Once you have mastered the art of empathy and "forgiveness", start practicing tolerance. You may think of life on earth as a "school" where everyone learns and evolves gradually to a mature state. If you believe in the afterlife, think about how every human being must take different "courses" to advance his or her maturity, just like moving from kindergarten to college, by living one life after another. If you fail, you can repeat the "course" by living another life. Then you move on, and finally, you graduate--reaching "nirvana." And if you finally understand that every human being will "graduate" eventually, then you won't take offense at the harm done by those who are not mature yet. You know that eventually, they will all mature.
You may also think of the world as a "stage" where everyone just "acts" out or "plays" their role. No one then can be considered "good" or "bad" because they are just performing their role. In the end, a moral is learned from everyone's "performance" and all the "actors" or "actresses" "graduate" from their earthly existence.

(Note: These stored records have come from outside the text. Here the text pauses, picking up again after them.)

definition embedded_hex :: "(nat \<Rightarrow> real^3) \<Rightarrow> bool" where
  "embedded_hex v \<longleftrightarrow>
     (\<forall>i\<in>{1..6}. \<forall>j\<in>{1..6}. i \<noteq> j \<longrightarrow>
        (if j = i mod 6 + 1 then edge v i \<inter> edge v j = {vx v j}
         else if i = j mod 6 + 1 then edge v i \<inter> edge v j = {vx v i}
         else edge v i \<inter> edge v j = {}))"

definition standard_position :: "(nat \<Rightarrow> real^3) \<Rightarrow> bool" where
  "standard_position v \<longleftrightarrow>
     v 1 = 0 \<and> (v 3)$1 > 0 \<and> (v 3)$2 = 0 \<and> (v 3)$3 = 0 \<and>
     (v 5)$3 = 0 \<and> (v 5)$2 > 0"

definition perp_toward :: "real^3 \<Rightarrow> real^3 \<Rightarrow> real^3 \<Rightarrow> real^3" where
  "perp_toward a b c =
     (let w = (c - a) - (((c - a) \<bullet> (b - a)) / ((b - a) \<bullet> (b - a))) *\<^sub>R (b - a)
      in (1 / norm w) *\<^sub>R w)"

definition ez :: "real^3" where
  "ez = vector [0, 0, 1]"

definition angle_coord ::
  "real^3 \<Rightarrow> real^3 \<Rightarrow> real^3 \<Rightarrow> real^3 \<Rightarrow> real \<Rightarrow> real \<Rightarrow> bool" where
  "angle_coord a b c w di th \<longleftrightarrow>
     0 \<le> th \<and> th < 2 * pi \<and>
     w = midpoint a b + (sqrt (4 - di\<^sup>2) / 2) *\<^sub>R
            (cos th *\<^sub>R perp_toward a b c + sin th *\<^sub>R ez)"

definition sgn_int :: "real \<Rightarrow> int" where
  "sgn_int x = (if x > 0 then 1 else if x < 0 then -1 else 0)"

definition curl :: "(nat \<Rightarrow> real^3) \<Rightarrow> int" where
  "curl v = sgn_int (cross3 (v 3 - v 1) (v 5 - v 1) \<bullet> (v 2 - v 1))"

definition open_tri :: "(nat \<Rightarrow> real^3) \<Rightarrow> nat \<Rightarrow> (real^3) set" where
  "open_tri v i = rel_interior (convex hull {vx v (i - 1), vx v i, vx v (i + 1)})"
lemma cos_sum_dvd:
  assumes "p > 0" "int p dvd j"
  shows "cos_sum p j = real ((p - 1) div 2)"
proof -
  obtain i where "j = int p * i" using assms(2) by (elim dvdE)
  have "cos (2 * pi * real (Suc k) * of_int j / real p) = 1" for k
  proof -
    have "2 * pi * real (Suc k) * of_int j / real p = 2 * pi * of_int (int (Suc k) * i)"
      using assms(1) \<open>j = int p * i\<close> by simp
    then show ?thesis by (metis cos_int_2pin)
  qed
  then show ?thesis by (simp add: cos_sum_def)
qed

lemma cos_sum_not_dvd:
  assumes "p > 0" "\<not> int p dvd j"
  shows "cos_sum p j = (if odd p then - 1 / 2 else if even j then - 1 else 0)"
proof -
  define x where "x = 2 * pi * of_int j / real p"
  define d where "d = (p - 1) div 2"
  have d: "real d = (if odd p then real p - 1 else real p - 2) / 2"
    unfolding d_def by (rule real_pred_div_2[OF assms(1)])
  have sin_half_x: "sin (x / 2) \<noteq> 0"
    using sin_pi_div_neq_0[OF assms] by (simp add: x_def)
  have "sin ((real d + 1 / 2) * x) = (if odd p then 0 else - cos (pi * of_int j)) * sin (x / 2)"
  proof (cases "odd p")
    case True
    with assms(1) have "(real d + 1 / 2) * x = pi * of_int j"
      by (simp add: d x_def field_simps)
    with True show ?thesis by simp
  next
    case False
    with assms(1) have "(real d + 1 / 2) * x = pi * of_int j - x / 2"
      by (simp add: d x_def field_simps)
    with False show ?thesis by (simp add: sin_diff)
  qed
  with sin_half_times_sum_cos[of x d]
  have "2 * sin (x / 2) * (\<Sum>k<d. cos (real (Suc k) * x))
      = 2 * sin (x / 2) * (((if odd p then 0 else - cos (pi * of_int j)) - 1) / 2)"
    by (simp add: algebra_simps)
  with sin_half_x
  have "(\<Sum>k<d. cos (real (Suc k) * x)) = ((if odd p then 0 else - cos (pi * of_int j)) - 1) / 2"
    by simp
  moreover have "cos_sum p j = (\<Sum>k<d. cos (real (Suc k) * x))"
    by (simp add: cos_sum_def d_def x_def mult_ac)
  ultimately show ?thesis by (auto simp: cos_npi_int)
qed

definition sin_kernel :: "nat \<Rightarrow> nat \<Rightarrow> nat \<Rightarrow> real" where
  "sin_kernel p l t = (\<Sum>k<(p - 1) div 2.
     sin (2 * pi * real (Suc k) * real l / real p) * sin (2 * pi * real (Suc k) * real t / real p))"

lemma sin_kernel_eq_cos_sum:
  assumes "p > 0"
  shows "2 * sin_kernel p l t = cos_sum p (int l - int t) - cos_sum p (int l + int t)"
proof -
  have "2 * (sin (2 * pi * real (Suc k) * real l / real p)
          * sin (2 * pi * real (Suc k) * real t / real p))
      = cos (2 * pi * real (Suc k) * of_int (int l - int t) / real p)
        - cos (2 * pi * real (Suc k) * of_int (int l + int t) / real p)" for k
    by (simp add: sin_times_sin diff_divide_distrib add_divide_distrib algebra_simps)
  then show ?thesis
    by (simp add: sin_kernel_def cos_sum_def sum_distrib_left sum_subtractf)
qed

lemma sin_kernel_diag:
  assumes "t < p" "t \<noteq> 0" "2 * t \<noteq> p"
  shows "sin_kernel p t t = real p / 4"
proof -
  have "p > 0" using assms(1) by simp
  have "\<not> p dvd 2 * t"
  proof
    assume "p dvd 2 * t"
    then obtain q where q: "2 * t = p * q" by (elim dvdE)
    with assms(1) have "q < 2" by (metis mult_less_cancel1 mult.commute mult_2 add_less_mono)
    moreover from q assms(2) have "q \<noteq> 0" by (cases q) auto
    ultimately have "q = 1" by simp
    with q assms(3) show False by simp
  qed
  then have "\<not> int p dvd (int t + int t)"
    by (metis mult_2 of_nat_add of_nat_dvd_iff)
  then have "2 * sin_kernel p t t = real ((p - 1) div 2) + (if odd p then 1 / 2 else 1)"
    using sin_kernel_eq_cos_sum[OF \<open>p > 0\<close>, of t t] cos_sum_dvd[OF \<open>p > 0\<close>, of 0]
      cos_sum_not_dvd[OF \<open>p > 0\<close>] by simp
  also have "\<dots> = real p / 2"
    using real_pred_div_2[OF \<open>p > 0\<close>] by simp
  finally show ?thesis by simp
qed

And if you combine the “school” and “stage” scenario, you’ll end up with what Buddhists call “The Matrix.” In this case, the world is a training simulation room—a place for you to learn. We may think that many things are real, but they are only illusions in this scenario. Your perception fools you, but it allows you to learn.
On the other hand, if you don't believe in the afterlife, you may think of the world as a continually evolving organism. Slowly, but surely, it will grow and mature, learning more from its past mistakes and finding better solutions to solve its problems. Everyone is a part of this evolutionary process, so why should you separate others from yourself?
However, what if empathy, "forgiveness", and tolerance still doesn't work for you? You may look deep into yourself and try to examine the real cause of your anger. When someone mistreats you and you react with anger, it is often only triggered by that person. The real cause is deep within you. If you find out more about yourself, you can figure out the real root cause of your anger, and you will be able to heal yourself.
Of course, even all these techniques will be ineffective if your environment is unusually harsh. For example, if you live in Washington, D.C. --the city currently recorded to have one of the highest, if not the highest, murder rate in the world--then you'll have a tough time practicing empathy, "forgiveness", and tolerance. In this case, it will be wise to move somewhere else. Of course, you may go back and help your "brothers" and "sisters" in the "hood" once you become stronger. But if you plan to relocate somewhere within the United States, be careful about where you go. At the moment, the U.S. has more incarcerated people than any other country in the world (with the exception of Rwanda). And it doesn't have that reputation for nothing. Even then, always remember that the greatest people in history always came from very tough environments.
In the end, remember to "forgive" and then "forget." As the Confucianist Hong Ying Ming says, “when you understand human feelings completely, then whatever people may call you, you just nod.” (Circa 1600 A.D.)